Since ignoring difficult thoughts doesn’t work, Long said it’s best to just let ourselves experience the bumps in the road. In the end, it can make it easier to move on to other feelings.

Not only that, Long said accepting our feelings can make room for a more nuanced experience of the world, where we frequently contend with positive and negative feelings at the same time. “Look out for the either-or mindset,” she said. “If you’re falling into the myth that there’s a right way to feel in every situation, then you’re really limiting yourself.”

As an example, she described the complicated experiences that many have had during the pandemic, encountering a blend of grief, anger, gratitude and hope. Sometimes, those feelings come all at once.

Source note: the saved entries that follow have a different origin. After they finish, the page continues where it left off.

lemma summable_ranked:
  assumes "interval_partition \<beta>"
  shows "summable (ranked \<beta>)"
proof -
  obtain L where L: "\<forall>U\<in>\<beta>. snd U \<le> L" "0 \<le> L"
    using interval_partition_bound[OF assms] by blast
  have "(\<Sum>k<n. \<bar>ranked \<beta> k - ranked {} k\<bar>) \<le> len_mismatch [] + L + 0" for n
    using sum_block_len_le[OF assms _ _ L]
    by (intro sum_abs_ranked_diff_le[OF assms interval_partition_empty]) (auto simp: correspondence_def)
  then have "(\<Sum>k<n. ranked \<beta> k) \<le> L" for n
    using ranked_nonneg[OF assms] by (simp add: ranked_empty len_mismatch_def)
  then show ?thesis by (rule summableI_nonneg_bounded[OF ranked_nonneg[OF assms]])
qed

lemma cont_wrt_ranked: "cont_wrt (I_alpha \<alpha>) (d_alpha \<alpha>) (\<lambda>x y. \<Sum>k. \<bar>x k - y k\<bar>) ranked"
  unfolding cont_wrt_def
proof (intro ballI allI impI exI conjI)
  fix \<beta> \<gamma> and \<epsilon> :: real
  assume "0 < \<epsilon>" then show "0 < \<epsilon> / 2" by simp
  assume "\<beta> \<in> I_alpha \<alpha>" "\<gamma> \<in> I_alpha \<alpha>" "d_alpha \<alpha> \<beta> \<gamma> < \<epsilon> / 2"
  then have \<beta>: "interval_partition \<beta>" and \<gamma>: "interval_partition \<gamma>"
    unfolding I_alpha_def by auto
  obtain cs where cs: "correspondence \<beta> \<gamma> cs" and D: "distortion \<alpha> \<beta> \<gamma> cs < \<epsilon> / 2"
    using \<open>d_alpha \<alpha> \<beta> \<gamma> < \<epsilon> / 2\<close> by (rule d_alpha_lessE)
  define s where "s = len_mismatch cs"
  have bound_s: "(\<Sum>k<K. \<bar>ranked \<beta> k - ranked \<gamma> k\<bar>)
      \<le> s + (distortion \<alpha> \<beta> \<gamma> cs - s) + (distortion \<alpha> \<beta> \<gamma> cs - s)" for K
    unfolding s_def
    by (rule sum_abs_ranked_diff_le[OF \<beta> \<gamma> cs sum_len_unmatched_fst_le[OF \<beta> cs] sum_len_unmatched_snd_le[OF \<gamma> cs]])
  have bound: "(\<Sum>k<K. \<bar>ranked \<beta> k - ranked \<gamma> k\<bar>) \<le> 2 * distortion \<alpha> \<beta> \<gamma> cs" for K
    using bound_s[of K] len_mismatch_nonneg[of cs] unfolding s_def by linarith
  have "(\<Sum>k. \<bar>ranked \<beta> k - ranked \<gamma> k\<bar>) \<le> 2 * distortion \<alpha> \<beta> \<gamma> cs"
    using summableI_nonneg_bounded[of "\<lambda>k. \<bar>ranked \<beta> k - ranked \<gamma> k\<bar>", OF _ bound]
    by (intro suminf_le_const bound) auto
  also have "\<dots> < \<epsilon>" using D by simp
  finally show "(\<Sum>k. \<bar>ranked \<beta> k - ranked \<gamma> k\<bar>) < \<epsilon>" .
qed

definition seq_blocks :: "(nat \<Rightarrow> real) \<Rightarrow> (real \<times> real) set" where
  "seq_blocks s = {(s n, s (Suc n)) | n. s n < s (Suc n)}"

locale cut_points =
  fixes s :: "nat \<Rightarrow> real" and L :: real
  assumes mono: "mono s" and start: "s 0 = 0" and lim: "s \<longlonglongrightarrow> L"
begin

lemma le_lim: "s n \<le> L"
  using incseq_le[OF mono lim] .

lemma nonneg: "0 \<le> s n"
  using mono start by (metis le0 monoD)

lemma exists_above: "x < L \<Longrightarrow> \<exists>M. x < s M"
  using order_tendstoD(1)[OF lim] by (metis eventually_sequentially order_refl)

lemma not_in_block: "s k \<notin> {s n<..<s (Suc n)}"
  using mono by (cases "k \<le> n") (auto simp: not_le dest: monoD[of s k n] monoD[of s "Suc n" k])

lemma blocks_disjoint:
  assumes "U \<in> seq_blocks s" "V \<in> seq_blocks s" "U \<noteq> V"
  shows "{fst U<..<snd U} \<inter> {fst V<..<snd V} = {}"
proof -
  obtain m n where U: "U = (s m, s (Suc m))" and V: "V = (s n, s (Suc n))" and "m \<noteq> n"
    using assms unfolding seq_blocks_def by auto
  then have "s (Suc m) \<le> s n \<or> s (Suc n) \<le> s m"
    using mono by (metis Suc_leI linorder_neqE_nat monoD)
  then show ?thesis unfolding U V by auto
qed

lemma complement_blocks: "{0..L} - (\<Union>(a,b)\<in>seq_blocks s. {a<..<b}) = range s \<union> {L}"
proof (intro equalityI subsetI)
  fix x assume x: "x \<in> {0..L} - (\<Union>(a,b)\<in>seq_blocks s. {a<..<b})"
  show "x \<in> range s \<union> {L}"
  proof (rule ccontr)
    assume "x \<notin> range s \<union> {L}"
    with x have "x < L" by auto
    then have ex: "\<exists>M. x < s M" by (rule exists_above)
    define M where "M = (LEAST M. x < s M)"
    have "x < s M" unfolding M_def using ex by (rule LeastI_ex)
    moreover have "M \<noteq> 0" using \<open>x < s M\<close> x start by (auto intro: ccontr)
    then have "\<not> x < s (M - 1)" unfolding M_def by (intro not_less_Least) simp
    ultimately have "x \<in> {s (M - 1)<..<s (Suc (M - 1))}" "s (M - 1) < s (Suc (M - 1))"
      using \<open>x \<notin> range s \<union> {L}\<close> \<open>M \<noteq> 0\<close> by auto
    with x show False unfolding seq_blocks_def by blast
  qed
next
  fix x assume "x \<in> range s \<union> {L}"
  then consider k where "x = s k" | "x = L" by auto
  then show "x \<in> {0..L} - (\<Union>(a,b)\<in>seq_blocks s. {a<..<b})"
  proof cases
    case 1
    then show ?thesis using nonneg le_lim not_in_block unfolding seq_blocks_def by auto
  next
    case 2
    have "0 \<le> L" using nonneg[of 0] le_lim[of 0] by linarith
    with 2 show ?thesis using le_lim unfolding seq_blocks_def by (auto simp: not_less)
  qed
qed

“We can be really sad this is happening,” she said, “and be positive and hopeful for the future at the same time. It doesn’t have to be all or nothing.”

What if feeling bad is sometimes good?

That focus on nuance is at the heart of some recent research in the field of positive psychology, looking into the potential upsides of feeling down.

Since the late 1990s, practitioners of positive psychology have studied the keys to how humans thrive, learning from our joys and pleasures rather than depression or other mental illness. But while many think of sadness or anger as unpleasant experiences to be endured, positive psychologist Tim Lomas asserts that they, too, may be a key part of flourishing.

“Emotion is a kind of information about our world,” said Lomas, a lecturer at the University of East London. “It can be telling you something important, or something that can protect you in some way.”

Sadness could be an expression of care, whether you are longing for an absent loved one or feeling the grief that comes with loss, wrote Lomas in his 2018 paper, The Quiet Virtues of Sadness. In other cases, Lomas wrote, sadness signals a warning: a buzzing alarm telling you to check in with yourself.

It’s not just sadness. Lomas authored a paper on the value of anger, as well, and one about the creative potential of boredom. “(A feeling) can be negatively valanced, but in the long run it can be useful to well-being,” he said.

It’s all about balance

Still, the positive benefits of negative emotions may be best experienced in relatively small doses. Lomas underscored that appreciating the value of difficult feelings is all about finding balance. “Any negative emotion can go too far, become maladaptive or turn into a clinical or psychiatric issue,” he said.

Long, the Fort Lauderdale psychologist, agreed. “There is an abundance of research that really touts the benefits of positivity, and we’re not denying that,” she said. “When you do so to an extreme, when you dismiss authenticity, that’s where problems arise.”

When Priscilla Goins’ tweet about toxic positivity went viral, she heard from hundreds of people who had encountered toxic positivity — and many others who worried she was unfairly criticizing cheerful types.

For her though, the lesson of toxic positivity is not about the right, or the wrong, way to feel. Rather, it’s all about learning to listen to yourself and others. “I don’t ever want to not be empathetic to another person,” she said. “But I think happy people are great.”